Problem statement
Among the records below, find the line that has "facts could match\<close>"; from there, give the lines again exactly, and stop after the line that has "using assms(4) by".

Records for this exercise
================================
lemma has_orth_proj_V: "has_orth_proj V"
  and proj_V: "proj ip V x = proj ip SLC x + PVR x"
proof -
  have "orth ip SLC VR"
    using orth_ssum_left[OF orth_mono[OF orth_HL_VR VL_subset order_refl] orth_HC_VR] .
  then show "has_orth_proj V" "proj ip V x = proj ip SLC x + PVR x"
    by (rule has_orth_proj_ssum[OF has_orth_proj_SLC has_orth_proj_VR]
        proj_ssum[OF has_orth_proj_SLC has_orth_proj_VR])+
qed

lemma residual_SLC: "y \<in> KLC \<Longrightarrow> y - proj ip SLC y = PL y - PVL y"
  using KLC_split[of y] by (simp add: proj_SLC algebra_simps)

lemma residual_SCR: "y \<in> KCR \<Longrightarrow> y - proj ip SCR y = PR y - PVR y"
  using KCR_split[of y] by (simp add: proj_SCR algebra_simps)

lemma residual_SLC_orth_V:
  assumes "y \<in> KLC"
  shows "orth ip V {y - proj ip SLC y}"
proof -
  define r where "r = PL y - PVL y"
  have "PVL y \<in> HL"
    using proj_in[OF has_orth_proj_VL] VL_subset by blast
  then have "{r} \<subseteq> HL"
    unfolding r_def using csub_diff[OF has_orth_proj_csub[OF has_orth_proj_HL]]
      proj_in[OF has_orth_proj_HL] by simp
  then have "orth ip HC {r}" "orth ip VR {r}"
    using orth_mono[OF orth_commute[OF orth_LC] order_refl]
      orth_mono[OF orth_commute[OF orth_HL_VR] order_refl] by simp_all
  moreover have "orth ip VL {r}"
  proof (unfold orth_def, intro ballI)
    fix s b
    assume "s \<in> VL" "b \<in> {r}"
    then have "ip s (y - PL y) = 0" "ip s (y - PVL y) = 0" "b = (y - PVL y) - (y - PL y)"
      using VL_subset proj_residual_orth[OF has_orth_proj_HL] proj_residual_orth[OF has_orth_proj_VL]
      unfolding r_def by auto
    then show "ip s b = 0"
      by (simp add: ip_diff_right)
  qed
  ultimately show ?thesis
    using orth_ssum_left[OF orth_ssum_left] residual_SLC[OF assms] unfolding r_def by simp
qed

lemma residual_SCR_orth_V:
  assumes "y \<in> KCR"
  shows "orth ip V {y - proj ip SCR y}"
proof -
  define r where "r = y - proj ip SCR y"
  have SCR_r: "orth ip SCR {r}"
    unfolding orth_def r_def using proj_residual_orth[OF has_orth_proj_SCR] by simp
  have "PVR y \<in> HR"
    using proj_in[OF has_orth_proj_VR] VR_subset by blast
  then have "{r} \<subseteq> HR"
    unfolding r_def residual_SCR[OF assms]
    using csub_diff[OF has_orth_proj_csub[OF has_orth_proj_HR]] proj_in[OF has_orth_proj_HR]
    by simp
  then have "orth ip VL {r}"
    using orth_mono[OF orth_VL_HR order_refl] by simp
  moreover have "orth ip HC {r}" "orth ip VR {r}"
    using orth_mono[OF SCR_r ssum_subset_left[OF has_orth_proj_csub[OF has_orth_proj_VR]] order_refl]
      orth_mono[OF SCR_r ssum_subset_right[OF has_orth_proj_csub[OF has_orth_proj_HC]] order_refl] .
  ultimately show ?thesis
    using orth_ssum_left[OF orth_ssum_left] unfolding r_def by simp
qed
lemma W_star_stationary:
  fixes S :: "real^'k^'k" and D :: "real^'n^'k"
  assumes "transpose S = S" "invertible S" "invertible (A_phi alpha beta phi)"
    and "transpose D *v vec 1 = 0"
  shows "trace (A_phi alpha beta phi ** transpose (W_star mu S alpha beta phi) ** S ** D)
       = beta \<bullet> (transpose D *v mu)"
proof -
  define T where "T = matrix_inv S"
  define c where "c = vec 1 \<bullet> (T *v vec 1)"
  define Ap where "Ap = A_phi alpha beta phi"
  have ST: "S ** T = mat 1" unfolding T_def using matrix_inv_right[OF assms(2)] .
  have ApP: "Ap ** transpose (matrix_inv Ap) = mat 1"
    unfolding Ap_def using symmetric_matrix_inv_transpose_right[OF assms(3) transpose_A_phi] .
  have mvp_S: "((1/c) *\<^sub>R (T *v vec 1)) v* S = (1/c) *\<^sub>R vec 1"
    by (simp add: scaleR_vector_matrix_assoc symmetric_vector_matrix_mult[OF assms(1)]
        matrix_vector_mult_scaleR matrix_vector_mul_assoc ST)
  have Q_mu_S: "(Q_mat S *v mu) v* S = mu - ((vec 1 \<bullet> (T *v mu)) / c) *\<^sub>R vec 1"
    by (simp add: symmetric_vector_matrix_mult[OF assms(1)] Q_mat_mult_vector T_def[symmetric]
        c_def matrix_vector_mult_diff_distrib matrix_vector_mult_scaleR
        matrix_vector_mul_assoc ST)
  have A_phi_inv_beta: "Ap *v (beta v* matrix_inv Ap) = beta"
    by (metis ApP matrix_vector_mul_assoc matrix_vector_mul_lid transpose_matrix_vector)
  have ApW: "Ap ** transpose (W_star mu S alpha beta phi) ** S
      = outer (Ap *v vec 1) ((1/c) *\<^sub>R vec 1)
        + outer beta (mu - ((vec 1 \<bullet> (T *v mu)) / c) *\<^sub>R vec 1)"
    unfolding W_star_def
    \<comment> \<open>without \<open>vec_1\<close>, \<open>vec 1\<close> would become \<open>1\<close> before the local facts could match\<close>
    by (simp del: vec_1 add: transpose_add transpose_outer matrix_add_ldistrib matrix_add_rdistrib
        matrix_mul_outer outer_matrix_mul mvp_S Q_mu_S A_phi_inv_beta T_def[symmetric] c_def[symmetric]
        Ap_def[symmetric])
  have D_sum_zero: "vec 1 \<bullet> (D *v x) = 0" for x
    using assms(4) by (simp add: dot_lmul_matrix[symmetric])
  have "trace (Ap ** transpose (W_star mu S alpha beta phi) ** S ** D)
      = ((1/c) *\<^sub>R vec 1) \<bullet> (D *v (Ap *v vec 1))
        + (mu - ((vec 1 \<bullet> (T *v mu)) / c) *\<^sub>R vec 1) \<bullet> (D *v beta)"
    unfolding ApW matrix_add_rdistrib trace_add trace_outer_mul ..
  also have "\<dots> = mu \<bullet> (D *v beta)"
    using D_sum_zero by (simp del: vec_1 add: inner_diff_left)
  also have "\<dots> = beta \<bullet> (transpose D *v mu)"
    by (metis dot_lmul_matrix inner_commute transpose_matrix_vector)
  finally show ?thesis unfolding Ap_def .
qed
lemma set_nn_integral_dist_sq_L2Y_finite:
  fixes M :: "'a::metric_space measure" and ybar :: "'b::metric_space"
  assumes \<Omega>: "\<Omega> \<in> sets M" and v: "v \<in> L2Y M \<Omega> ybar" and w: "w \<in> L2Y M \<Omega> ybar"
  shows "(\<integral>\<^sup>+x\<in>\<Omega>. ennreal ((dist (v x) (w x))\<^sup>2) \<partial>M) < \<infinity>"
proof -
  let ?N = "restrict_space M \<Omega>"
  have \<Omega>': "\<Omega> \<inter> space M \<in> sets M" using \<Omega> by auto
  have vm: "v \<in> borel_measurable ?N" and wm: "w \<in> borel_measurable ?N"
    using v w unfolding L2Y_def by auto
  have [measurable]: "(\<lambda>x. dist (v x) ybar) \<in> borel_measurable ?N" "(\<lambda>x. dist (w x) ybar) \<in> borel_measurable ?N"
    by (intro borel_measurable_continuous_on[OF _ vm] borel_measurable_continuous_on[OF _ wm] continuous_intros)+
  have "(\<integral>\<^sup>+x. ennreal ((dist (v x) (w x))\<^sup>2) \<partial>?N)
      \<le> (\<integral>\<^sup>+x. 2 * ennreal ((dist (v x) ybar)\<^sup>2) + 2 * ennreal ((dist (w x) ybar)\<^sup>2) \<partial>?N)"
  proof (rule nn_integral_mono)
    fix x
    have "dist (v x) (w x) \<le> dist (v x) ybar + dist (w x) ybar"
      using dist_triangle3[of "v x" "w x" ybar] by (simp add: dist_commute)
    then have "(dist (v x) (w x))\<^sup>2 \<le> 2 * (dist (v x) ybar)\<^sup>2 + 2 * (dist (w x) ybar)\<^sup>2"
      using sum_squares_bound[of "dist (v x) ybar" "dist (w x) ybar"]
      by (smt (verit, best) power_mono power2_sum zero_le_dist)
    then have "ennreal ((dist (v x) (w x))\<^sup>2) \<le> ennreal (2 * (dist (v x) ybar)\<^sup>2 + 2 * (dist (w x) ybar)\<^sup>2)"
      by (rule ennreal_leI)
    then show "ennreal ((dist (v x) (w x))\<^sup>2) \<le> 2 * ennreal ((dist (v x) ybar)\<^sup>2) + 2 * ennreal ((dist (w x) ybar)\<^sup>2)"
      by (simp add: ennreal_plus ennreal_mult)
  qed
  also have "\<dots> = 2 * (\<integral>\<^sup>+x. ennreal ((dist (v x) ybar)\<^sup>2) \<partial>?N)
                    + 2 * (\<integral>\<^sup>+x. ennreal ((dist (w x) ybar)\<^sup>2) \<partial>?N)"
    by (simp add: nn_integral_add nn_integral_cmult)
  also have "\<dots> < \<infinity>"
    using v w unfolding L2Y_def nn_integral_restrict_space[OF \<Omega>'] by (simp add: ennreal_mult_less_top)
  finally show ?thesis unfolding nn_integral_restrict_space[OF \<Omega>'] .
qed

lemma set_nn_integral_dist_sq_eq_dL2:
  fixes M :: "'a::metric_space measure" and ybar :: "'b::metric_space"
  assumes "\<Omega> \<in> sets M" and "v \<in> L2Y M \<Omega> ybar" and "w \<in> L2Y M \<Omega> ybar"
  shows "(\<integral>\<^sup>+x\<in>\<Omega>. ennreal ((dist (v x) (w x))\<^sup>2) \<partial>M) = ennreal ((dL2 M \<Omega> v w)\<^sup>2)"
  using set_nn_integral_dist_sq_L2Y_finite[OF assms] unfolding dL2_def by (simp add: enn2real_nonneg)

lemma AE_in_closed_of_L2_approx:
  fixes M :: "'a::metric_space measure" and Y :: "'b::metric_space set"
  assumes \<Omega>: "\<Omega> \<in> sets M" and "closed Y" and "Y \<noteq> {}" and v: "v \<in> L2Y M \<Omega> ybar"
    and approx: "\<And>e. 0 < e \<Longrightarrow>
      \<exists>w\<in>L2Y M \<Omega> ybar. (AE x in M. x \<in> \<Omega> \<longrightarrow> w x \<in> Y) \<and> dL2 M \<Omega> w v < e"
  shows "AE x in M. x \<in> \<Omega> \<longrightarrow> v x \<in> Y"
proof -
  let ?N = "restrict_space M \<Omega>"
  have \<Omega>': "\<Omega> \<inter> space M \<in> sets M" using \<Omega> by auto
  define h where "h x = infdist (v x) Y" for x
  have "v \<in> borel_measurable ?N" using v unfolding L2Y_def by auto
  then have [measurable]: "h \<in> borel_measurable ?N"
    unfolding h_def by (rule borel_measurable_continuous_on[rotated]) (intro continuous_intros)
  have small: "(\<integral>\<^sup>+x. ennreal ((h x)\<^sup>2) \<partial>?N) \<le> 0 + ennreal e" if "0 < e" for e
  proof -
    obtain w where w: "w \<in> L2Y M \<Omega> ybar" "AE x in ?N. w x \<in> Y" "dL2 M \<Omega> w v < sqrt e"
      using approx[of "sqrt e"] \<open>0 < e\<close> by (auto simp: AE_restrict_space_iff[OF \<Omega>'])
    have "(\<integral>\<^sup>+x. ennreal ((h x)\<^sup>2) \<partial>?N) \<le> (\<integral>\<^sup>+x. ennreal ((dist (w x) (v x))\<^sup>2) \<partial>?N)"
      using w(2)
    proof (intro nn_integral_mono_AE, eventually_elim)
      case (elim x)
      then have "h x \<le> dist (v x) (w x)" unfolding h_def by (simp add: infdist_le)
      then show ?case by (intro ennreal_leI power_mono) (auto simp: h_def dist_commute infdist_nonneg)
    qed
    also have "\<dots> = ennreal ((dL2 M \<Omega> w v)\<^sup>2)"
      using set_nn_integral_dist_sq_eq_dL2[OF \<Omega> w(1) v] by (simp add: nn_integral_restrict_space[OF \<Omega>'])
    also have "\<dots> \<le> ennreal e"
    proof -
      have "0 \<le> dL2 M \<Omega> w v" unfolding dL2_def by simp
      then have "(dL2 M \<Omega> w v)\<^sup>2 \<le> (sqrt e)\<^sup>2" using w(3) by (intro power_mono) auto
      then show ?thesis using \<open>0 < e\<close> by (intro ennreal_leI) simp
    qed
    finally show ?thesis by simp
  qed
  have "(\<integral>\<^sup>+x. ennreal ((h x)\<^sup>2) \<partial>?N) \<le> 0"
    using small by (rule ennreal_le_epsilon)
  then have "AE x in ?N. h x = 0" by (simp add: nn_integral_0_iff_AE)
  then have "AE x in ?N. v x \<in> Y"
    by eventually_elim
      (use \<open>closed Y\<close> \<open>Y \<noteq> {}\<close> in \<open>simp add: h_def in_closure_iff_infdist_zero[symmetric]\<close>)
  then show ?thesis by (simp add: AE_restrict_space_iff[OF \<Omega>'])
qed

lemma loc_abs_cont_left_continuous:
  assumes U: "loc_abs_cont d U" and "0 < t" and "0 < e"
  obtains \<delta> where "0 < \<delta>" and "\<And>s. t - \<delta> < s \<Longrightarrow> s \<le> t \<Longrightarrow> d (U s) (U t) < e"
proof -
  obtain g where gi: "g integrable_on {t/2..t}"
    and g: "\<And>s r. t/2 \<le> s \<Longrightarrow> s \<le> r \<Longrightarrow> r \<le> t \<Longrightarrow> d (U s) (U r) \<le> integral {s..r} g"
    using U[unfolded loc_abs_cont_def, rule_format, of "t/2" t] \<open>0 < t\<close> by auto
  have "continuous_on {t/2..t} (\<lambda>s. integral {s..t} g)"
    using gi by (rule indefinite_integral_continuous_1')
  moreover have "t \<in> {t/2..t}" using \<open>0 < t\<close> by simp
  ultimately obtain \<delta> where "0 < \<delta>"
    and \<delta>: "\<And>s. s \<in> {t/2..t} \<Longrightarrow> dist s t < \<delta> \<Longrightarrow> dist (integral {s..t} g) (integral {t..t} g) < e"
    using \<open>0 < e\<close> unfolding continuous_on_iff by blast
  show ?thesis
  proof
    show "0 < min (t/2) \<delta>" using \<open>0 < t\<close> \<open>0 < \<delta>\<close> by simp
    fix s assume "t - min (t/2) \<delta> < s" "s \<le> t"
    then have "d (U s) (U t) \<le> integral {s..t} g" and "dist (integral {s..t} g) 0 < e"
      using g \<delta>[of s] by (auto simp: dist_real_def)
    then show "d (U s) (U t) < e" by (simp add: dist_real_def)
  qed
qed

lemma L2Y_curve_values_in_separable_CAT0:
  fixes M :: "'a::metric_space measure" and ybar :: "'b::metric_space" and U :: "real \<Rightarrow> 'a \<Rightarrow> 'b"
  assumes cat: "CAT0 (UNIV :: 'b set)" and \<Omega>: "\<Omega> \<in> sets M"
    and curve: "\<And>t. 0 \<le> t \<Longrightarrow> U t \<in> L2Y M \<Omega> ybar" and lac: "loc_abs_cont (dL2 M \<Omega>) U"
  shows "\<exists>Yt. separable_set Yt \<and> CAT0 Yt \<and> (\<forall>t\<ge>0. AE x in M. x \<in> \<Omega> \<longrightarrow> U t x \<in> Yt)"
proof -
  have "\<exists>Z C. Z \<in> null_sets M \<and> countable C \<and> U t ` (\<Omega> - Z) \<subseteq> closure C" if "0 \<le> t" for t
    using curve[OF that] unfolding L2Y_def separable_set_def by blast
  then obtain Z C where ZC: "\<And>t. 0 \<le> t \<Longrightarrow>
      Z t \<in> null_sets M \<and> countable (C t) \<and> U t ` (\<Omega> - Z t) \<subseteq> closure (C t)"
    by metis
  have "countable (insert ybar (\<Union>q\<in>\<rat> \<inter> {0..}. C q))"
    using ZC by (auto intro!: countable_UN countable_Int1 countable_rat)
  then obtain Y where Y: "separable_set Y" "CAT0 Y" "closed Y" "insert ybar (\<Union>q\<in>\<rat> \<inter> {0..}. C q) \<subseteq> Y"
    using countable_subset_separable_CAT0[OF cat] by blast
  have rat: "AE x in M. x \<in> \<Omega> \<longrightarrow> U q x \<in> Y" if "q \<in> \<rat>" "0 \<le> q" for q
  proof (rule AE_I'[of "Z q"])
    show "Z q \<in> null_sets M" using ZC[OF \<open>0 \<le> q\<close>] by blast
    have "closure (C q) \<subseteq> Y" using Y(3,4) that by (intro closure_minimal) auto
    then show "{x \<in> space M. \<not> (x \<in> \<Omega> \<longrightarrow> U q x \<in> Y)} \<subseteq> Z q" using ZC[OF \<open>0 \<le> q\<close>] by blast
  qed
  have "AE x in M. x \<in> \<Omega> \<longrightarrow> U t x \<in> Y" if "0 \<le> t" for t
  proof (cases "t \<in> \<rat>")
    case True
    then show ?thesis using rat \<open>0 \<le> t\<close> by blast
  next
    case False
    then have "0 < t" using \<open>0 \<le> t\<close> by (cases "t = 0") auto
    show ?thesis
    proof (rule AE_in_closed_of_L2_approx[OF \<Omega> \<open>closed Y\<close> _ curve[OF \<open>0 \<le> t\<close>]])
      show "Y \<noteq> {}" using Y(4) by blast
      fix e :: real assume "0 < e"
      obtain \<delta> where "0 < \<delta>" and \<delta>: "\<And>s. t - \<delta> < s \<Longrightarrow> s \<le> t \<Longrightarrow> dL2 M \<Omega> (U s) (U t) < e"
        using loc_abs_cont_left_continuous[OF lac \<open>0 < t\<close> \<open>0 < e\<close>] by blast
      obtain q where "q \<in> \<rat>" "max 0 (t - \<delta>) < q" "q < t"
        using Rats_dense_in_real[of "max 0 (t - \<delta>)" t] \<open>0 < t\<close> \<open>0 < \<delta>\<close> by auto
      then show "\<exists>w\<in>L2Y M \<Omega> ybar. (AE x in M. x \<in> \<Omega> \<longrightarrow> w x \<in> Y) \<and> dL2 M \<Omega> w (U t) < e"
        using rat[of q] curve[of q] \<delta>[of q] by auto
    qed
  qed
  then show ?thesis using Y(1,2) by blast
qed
================================
Answer to the problem
    \<comment> \<open>without \<open>vec_1\<close>, \<open>vec 1\<close> would become \<open>1\<close> before the local facts could match\<close>
    by (simp del: vec_1 add: transpose_add transpose_outer matrix_add_ldistrib matrix_add_rdistrib
        matrix_mul_outer outer_matrix_mul mvp_S Q_mu_S A_phi_inv_beta T_def[symmetric] c_def[symmetric]
        Ap_def[symmetric])
  have D_sum_zero: "vec 1 \<bullet> (D *v x) = 0" for x
    using assms(4) by (simp add: dot_lmul_matrix[symmetric])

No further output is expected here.